Comparison Between NAEP and State Reading Assessment Results: 2003

April 2008

National Center for Education Statistics

Download the complete report or portions of the reports as PDF files for viewing and printing.

Executive Summary

In late January through early March of 2003, the National Assessment of Educational Progress (NAEP) grade 4 and 8 reading and mathematics assessments were administered to representative samples of students in approximately 100 public schools in each state. The results of these assessments were announced in November 2003. Each state also carried out its own reading and mathematics assessments in the 2002-2003 school year, most including grades 4 and 8. This report addresses the question of whether the results published by NAEP are comparable to the results published by individual state testing programs.

Objectives

Comparisons to address the following four questions are based purely on results of testing and do not compare the content of NAEP and state assessments.

How do states' achievement standards compare with each other and with NAEP?
Are NAEP and state assessment results correlated across schools?
Do NAEP and state assessments agree on achievement trends over time?
Do NAEP and state assessments agree on achievement gaps between subgroups?

How do states' achievement standards compare with each other and with NAEP?

Both NAEP and State Education Agencies have set achievement, or performance, standards for reading and have identified test score criteria for determining the percentages of students who meet the standards. Most states have multiple performance standards, and these can be categorized into a primary standard, which, since the passage of No Child Left Behind, is generally the standard used for reporting adequate yearly progress (AYP), and standards that are above or below the primary standard. Most states refer to their primary standard as proficient or meets the standard.

By matching percentages of students reported to be meeting state standards in schools participating in NAEP with the distribution of performance of students in those schools on NAEP, cutpoints on the NAEP scale can be identified that are equivalent to the scores required to meet a state's standards.

From the analyses presented in chapter 2, we find:

The median of the states' primary reading standards, as reflected in their NAEP equivalents, is slightly below the NAEP basic level at grade 4 and slightly above the NAEP basic level at grade 8.
The primary standards vary greatly in difficulty across states, as reflected in their NAEP equivalents. In fact, among states, there is more variation in placement of primary reading standards than in average NAEP performance.
As a corollary, states with high primary standards tend to see few students meet their standards, while states with low primary standards tend to see most students meet their standards.
There is no evidence that setting a higher state standard is correlated with higher performance on NAEP. Students in states with high primary standards score just about the same on NAEP as students in states with low primary standards.

Are NAEP and state assessment results correlated across schools?

An essential criterion for the comparison of NAEP and state assessment results in a state is that the two assessments agree on which schools are high achieving and which are not.
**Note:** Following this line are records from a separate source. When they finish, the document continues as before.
(* Let $(X,d)$ be a complete metric space with $|X|\geqslant 3$ and let $T\colon X\to X$ be continuous and asymptotically regular, and suppose there exist $\alpha\in[0,\frac12)$ and $\lambda\in[0,\infty)$ such that $$d(Tx,Ty)+d(Ty,Tz)+d(Tx,Tz)\leqslant \alpha\big(d(x,y)+d(y,z)+d(z,x)\big)+\lambda\big(d(x,Tx)+d(y,Ty)+d(z,Tz)\big)$$ for all pairwise distinct $x,y,z\in X$. Then $T$ has a fixed point, and $T$ has at most two fixed points.
   Context: A mapping $T\colon X\to X$ on a metric space is asymptotically regular if $\lim_{n\to\infty}d(T^{n+1}x,T^nx)=0$ for every $x\in X$. *)

theory Defs
  imports "HOL-Analysis.Analysis"
begin

definition asymptotically_regular :: "('a::metric_space \<Rightarrow> 'a) \<Rightarrow> bool" where
  "asymptotically_regular T \<longleftrightarrow>
     (\<forall>x. (\<lambda>n. dist ((T ^^ Suc n) x) ((T ^^ n) x)) \<longlonglongrightarrow> 0)"

end

theory Submission
  imports Defs
begin

text \<open>
  Applied to three distinct fixed points, the three-point inequality gives
  \<open>S \<le> \<alpha> S\<close> for their positive perimeter \<open>S\<close>, so there are at most two.
  For existence, follow the orbit \<open>x\<^sub>n = T\<^sup>n x\<^sub>0\<close>. If it repeats a point it is
  eventually periodic, so its step lengths \<open>d(x\<^sub>n\<^sub>+\<^sub>1, x\<^sub>n)\<close> are eventually periodic;
  tending to \<open>0\<close>, they vanish and the orbit reaches a fixed point. Otherwise any
  \<open>x\<^sub>n, x\<^sub>n\<^sub>+\<^sub>1, x\<^sub>m\<close> are distinct, and the inequality for this triple together with
  \<open>\<alpha> < 1/2\<close> bounds \<open>d(x\<^sub>n, x\<^sub>m)\<close> by \<open>(3 + \<lambda>)\<close> times three step lengths. Asymptotic
  regularity then makes the orbit Cauchy, and its limit is fixed by continuity.
\<close>

lemma finite_card_le_2_if_no_three_distinct:
  assumes "\<And>x y z. x \<in> S \<Longrightarrow> y \<in> S \<Longrightarrow> z \<in> S \<Longrightarrow> x \<noteq> y \<Longrightarrow> y \<noteq> z \<Longrightarrow> x \<noteq> z \<Longrightarrow> False"
  shows "finite S \<and> card S \<le> 2"
proof (rule ccontr)
  assume "\<not> (finite S \<and> card S \<le> 2)"
  then obtain B where "card B = 3" "B \<subseteq> S"
  proof (cases "finite S")
    case True
    then show ?thesis
      using that obtain_subset_with_card_n[of 3 S] \<open>\<not> (finite S \<and> card S \<le> 2)\<close> by auto
  qed (use that infinite_arbitrarily_large in blast)
  then obtain x y z where "{x, y, z} \<subseteq> S" "x \<noteq> y" "x \<noteq> z" "y \<noteq> z"
    unfolding card_3_iff by blast
  then show False
    using assms[of x y z] by blast
qed

lemma fixpoint_if_orbit_not_inj:
  fixes T :: "'a::metric_space \<Rightarrow> 'a"
  assumes steps: "(\<lambda>n. dist ((T ^^ Suc n) x) ((T ^^ n) x)) \<longlonglongrightarrow> 0"
    and not_inj: "\<not> inj (\<lambda>n. (T ^^ n) x)"
  shows "\<exists>p. T p = p"
proof -
  obtain n m where "n < m" "(T ^^ n) x = (T ^^ m) x"
    using not_inj by (metis injI linorder_neqE_nat)
  define q where "q = m - n"
  have "q > 0"
    using \<open>n < m\<close> by (simp add: q_def)
  have "(T ^^ q) ((T ^^ n) x) = (T ^^ (q + n)) x"
    by (simp add: funpow_add)
  also have "\<dots> = (T ^^ n) x"
    using \<open>n < m\<close> \<open>(T ^^ n) x = (T ^^ m) x\<close> by (simp add: q_def)
  finally have period: "(T ^^ q) ((T ^^ n) x) = (T ^^ n) x" .
  have periodic: "(T ^^ (n + j * q)) x = (T ^^ n) x" for j
  proof (induction j)
    case (Suc j)
    have "(T ^^ (n + Suc j * q)) x = (T ^^ (q + (n + j * q))) x"
      by (simp add: algebra_simps)
    also have "\<dots> = (T ^^ q) ((T ^^ n) x)"
      using Suc by (simp add: funpow_add)
    finally show ?case
      using period by simp
  qed simp
  have "strict_mono (\<lambda>j. n + j * q)"
    using \<open>q > 0\<close> by (simp add: strict_mono_def)
  from LIMSEQ_subseq_LIMSEQ[OF steps this]
  have "(\<lambda>j. dist (T ((T ^^ n) x)) ((T ^^ n) x)) \<longlonglongrightarrow> 0"
    using periodic by (simp add: o_def)
  then have "T ((T ^^ n) x) = (T ^^ n) x"
    by (simp add: LIMSEQ_const_iff)
  then show ?thesis ..
qed

lemma Cauchy_if_dist_le_null:
  fixes X :: "nat \<Rightarrow> 'a::metric_space"
  assumes u: "u \<longlonglongrightarrow> 0"
    and dist_le: "\<And>n m. dist (X n) (X m) \<le> u n + u m"
  shows "Cauchy X"
proof (rule metric_CauchyI)
  fix e :: real
  assume "e > 0"
  then obtain N where N: "\<And>k. k \<ge> N \<Longrightarrow> \<bar>u k\<bar> < e / 2"
    using LIMSEQ_D[OF u, of "e / 2"] by auto
  have "dist (X n) (X m) < e" if "n \<ge> N" "m \<ge> N" for n m
    using dist_le[of n m] N[OF \<open>n \<ge> N\<close>] N[OF \<open>m \<ge> N\<close>] by linarith
  then show "\<exists>M. \<forall>m\<ge>M. \<forall>n\<ge>M. dist (X m) (X n) < e"
    by blast
qed

lemma fixpoint_if_orbit_converges:
  fixes T :: "'a::metric_space \<Rightarrow> 'a"
  assumes "isCont T p" and "(\<lambda>n. (T ^^ n) x) \<longlonglongrightarrow> p"
  shows "T p = p"
proof (rule LIMSEQ_unique)
  show "(\<lambda>n. (T ^^ Suc n) x) \<longlonglongrightarrow> p"
    using assms(2) by (rule LIMSEQ_Suc)
  show "(\<lambda>n. (T ^^ Suc n) x) \<longlonglongrightarrow> T p"
    using isCont_tendsto_compose[OF assms] by simp
qed

locale three_point_contraction =
  fixes T :: "'a::metric_space \<Rightarrow> 'a" and alpha lam :: real
  assumes alpha_nonneg: "0 \<le> alpha" and alpha_less: "alpha < 1/2"
    and lam_nonneg: "0 \<le> lam"
    and three_point: "\<And>x y z. x \<noteq> y \<Longrightarrow> y \<noteq> z \<Longrightarrow> x \<noteq> z \<Longrightarrow>
      dist (T x) (T y) + dist (T y) (T z) + dist (T x) (T z)
        \<le> alpha * (dist x y + dist y z + dist z x)
          + lam * (dist x (T x) + dist y (T y) + dist z (T z))"
begin

lemma finite_card_fixpoints_le_2: "finite {x. T x = x} \<and> card {x. T x = x} \<le> 2"
proof (rule finite_card_le_2_if_no_three_distinct)
  fix x y z
  assume fixpoints: "x \<in> {x. T x = x}" "y \<in> {x. T x = x}" "z \<in> {x. T x = x}"
    and distinct: "x \<noteq> y" "y \<noteq> z" "x \<noteq> z"
  define S where "S = dist x y + dist y z + dist x z"
  have "S \<le> alpha * S"
    using three_point[OF distinct] fixpoints by (simp add: S_def dist_commute)
  moreover have "S > 0"
    using distinct by (simp add: S_def add_pos_nonneg)
  ultimately show False
    using mult_strict_right_mono[of alpha 1 S] alpha_less by linarith
qed

lemma dist_le_displacements:
  assumes "x \<noteq> T x" "T x \<noteq> y" "x \<noteq> y"
  shows "dist x y \<le> (3 + lam) * (dist x (T x) + dist (T x) (T (T x)) + dist y (T y))"
proof -
  define a b c D
    where "a = dist x (T x)" and "b = dist (T x) (T (T x))" and "c = dist y (T y)"
      and "D = dist x y"
  have three_point_orbit: "b + dist (T (T x)) (T y) + dist (T x) (T y)
      \<le> alpha * (a + dist (T x) y + D) + lam * (a + b + c)"
    using three_point[OF assms] by (simp add: a_def b_def c_def D_def dist_commute)
  have "D \<le> a + dist (T x) y"
    using dist_triangle[of x y "T x"] by (simp add: a_def D_def)
  moreover have "dist (T x) y \<le> b + dist (T (T x)) y"
    using dist_triangle[of "T x" y "T (T x)"] by (simp add: b_def)
  moreover have "dist (T (T x)) y \<le> dist (T (T x)) (T y) + c"
    using dist_triangle[of "T (T x)" y "T y"] by (simp add: c_def dist_commute)
  moreover have "dist (T x) y \<le> dist (T x) (T y) + c"
    using dist_triangle[of "T x" y "T y"] by (simp add: c_def dist_commute)
  moreover have "alpha * (a + dist (T x) y + D) \<le> a + D"
  proof -
    have "dist (T x) y \<le> a + D"
      using dist_triangle[of "T x" y x] by (simp add: a_def D_def dist_commute)
    then have "alpha * (a + dist (T x) y + D) \<le> alpha * (2 * a + 2 * D)"
      using alpha_nonneg by (intro mult_left_mono) auto
    also have "\<dots> \<le> (1/2) * (2 * a + 2 * D)"
      using alpha_less by (intro mult_right_mono) (auto simp: a_def D_def)
    finally show ?thesis by simp
  qed
  ultimately have "D \<le> 3 * a + 2 * c + lam * (a + b + c)"
    using three_point_orbit by linarith
  also have "\<dots> \<le> (3 + lam) * (a + b + c)"
    using lam_nonneg by (simp add: b_def c_def algebra_simps)
  finally show ?thesis
    by (simp add: a_def b_def c_def D_def)
qed

lemma Cauchy_orbit_if_inj:
  assumes steps: "(\<lambda>n. dist ((T ^^ Suc n) x) ((T ^^ n) x)) \<longlonglongrightarrow> 0"
    and inj: "inj (\<lambda>n. (T ^^ n) x)"
  shows "Cauchy (\<lambda>n. (T ^^ n) x)"
proof -
  define e where "e n = dist ((T ^^ Suc n) x) ((T ^^ n) x)" for n
  define u where "u n = (3 + lam) * (e n + e (Suc n))" for n
  have e_nonneg: "e n \<ge> 0" for n
    by (simp add: e_def)
  have dist_le: "dist ((T ^^ n) x) ((T ^^ m) x) \<le> u n + u m" if le: "n \<le> m" for n m
  proof -
    consider "m = n" | "m = Suc n" | "Suc n < m"
      using le by fastforce
    then have "dist ((T ^^ n) x) ((T ^^ m) x) \<le> (3 + lam) * (e n + e (Suc n) + e m)"
    proof cases
      case 1
      then show ?thesis
        using e_nonneg lam_nonneg by simp
    next
      case 2
      then show ?thesis
        using e_nonneg lam_nonneg by (simp add: e_def dist_commute algebra_simps)
    next
      case 3
      then have "(T ^^ n) x \<noteq> T ((T ^^ n) x)" "T ((T ^^ n) x) \<noteq> (T ^^ m) x" "(T ^^ n) x \<noteq> (T ^^ m) x"
        using injD[OF inj, of n "Suc n"] injD[OF inj, of "Suc n" m] injD[OF inj, of n m] by auto
      from dist_le_displacements[OF this] show ?thesis
        by (simp add: e_def dist_commute)
    qed
    also have "\<dots> \<le> u n + u m"
      using e_nonneg lam_nonneg by (simp add: u_def algebra_simps)
    finally show ?thesis .
  qed
  show ?thesis
  proof (rule Cauchy_if_dist_le_null)
    show "u \<longlonglongrightarrow> 0"
      unfolding u_def using steps LIMSEQ_Suc[OF steps]
      by (auto simp: e_def intro: tendsto_eq_intros)
    show "dist ((T ^^ n) x) ((T ^^ m) x) \<le> u n + u m" for n m
      using dist_le[of n m] dist_le[of m n] by (cases "n \<le> m") (auto simp: dist_commute)
  qed
qed

end

theorem corollary4p8:
  fixes T :: "'a::complete_space \<Rightarrow> 'a" and alpha lam :: real
  assumes card3: "infinite (UNIV :: 'a set) \<or> card (UNIV :: 'a set) \<ge> 3"
    and cont: "continuous_on UNIV T"
    and asreg: "asymptotically_regular T"
    and halpha: "0 \<le> alpha" "alpha < 1/2"
    and hlam: "0 \<le> lam"
    and ineq: "\<And>x y z. x \<noteq> y \<Longrightarrow> y \<noteq> z \<Longrightarrow> x \<noteq> z \<Longrightarrow>
      dist (T x) (T y) + dist (T y) (T z) + dist (T x) (T z)
        \<le> alpha * (dist x y + dist y z + dist z x)
          + lam * (dist x (T x) + dist y (T y) + dist z (T z))"
  shows "(\<exists>x. T x = x) \<and> finite {x. T x = x} \<and> card {x. T x = x} \<le> 2"
proof -
  interpret three_point_contraction T alpha lam
    using halpha hlam ineq by unfold_locales
  fix x :: 'a
  have steps: "(\<lambda>n. dist ((T ^^ Suc n) x) ((T ^^ n) x)) \<longlonglongrightarrow> 0"
    using asreg by (simp add: asymptotically_regular_def)
  have "\<exists>p. T p = p"
  proof (cases "inj (\<lambda>n. (T ^^ n) x)")
    case True
    then obtain p where "(\<lambda>n. (T ^^ n) x) \<longlonglongrightarrow> p"
      using Cauchy_orbit_if_inj[OF steps] Cauchy_convergent convergent_def by blast
    moreover have "isCont T p"
      using cont by (simp add: continuous_on_eq_continuous_at)
    ultimately show ?thesis
      using fixpoint_if_orbit_converges by blast
  next
    case False
    then show ?thesis
      using fixpoint_if_orbit_not_inj[OF steps] by blast
  qed
  then show ?thesis
    using finite_card_fixpoints_le_2 by blast
qed

end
The critical statistic for testing this criterion is the correlation between schools' percentages achieving their primary standard, as measured by NAEP and the state assessment. Generally, a correlation of at least .7 is important for confidence in linkages between them.¹ In 2003, correlations between NAEP and state assessment measures of reading achievement were greater than .7 in 29 out 51 jurisdictions in grade 4 and in 29 out of 48 in grade 8. Several factors other than similarity of the assessments depress this correlation.

One of these factors is a disparity between the standards: the correlation between the percent of students meeting a high standard on one test and a low standard on the other test are bound to be lower than the correlation between percents of students meeting standards of equal difficulty on the two tests. To be fair and unbiased, comparisons of percentages meeting standards on two tests must be based on equivalent standards for both tests. To remove the bias of different standards, NAEP was rescored in terms of percentages meeting the state's standard. Nevertheless, as discussed in chapter 3, other factors also depressed the correlations:

Correlations are biased downward by schools with small enrollments, by use of scores for an adjacent grade rather than the same grade, and by standards set near the extremes of a state's achievement distribution.
Estimates of what the correlations would have been if they were all based on scores on non-extreme standards in the same grade in schools with 30 or more students per grade were greater than .7 in 44 out of 48 states for grade 4 and in 33 out of 45 states for grade 8.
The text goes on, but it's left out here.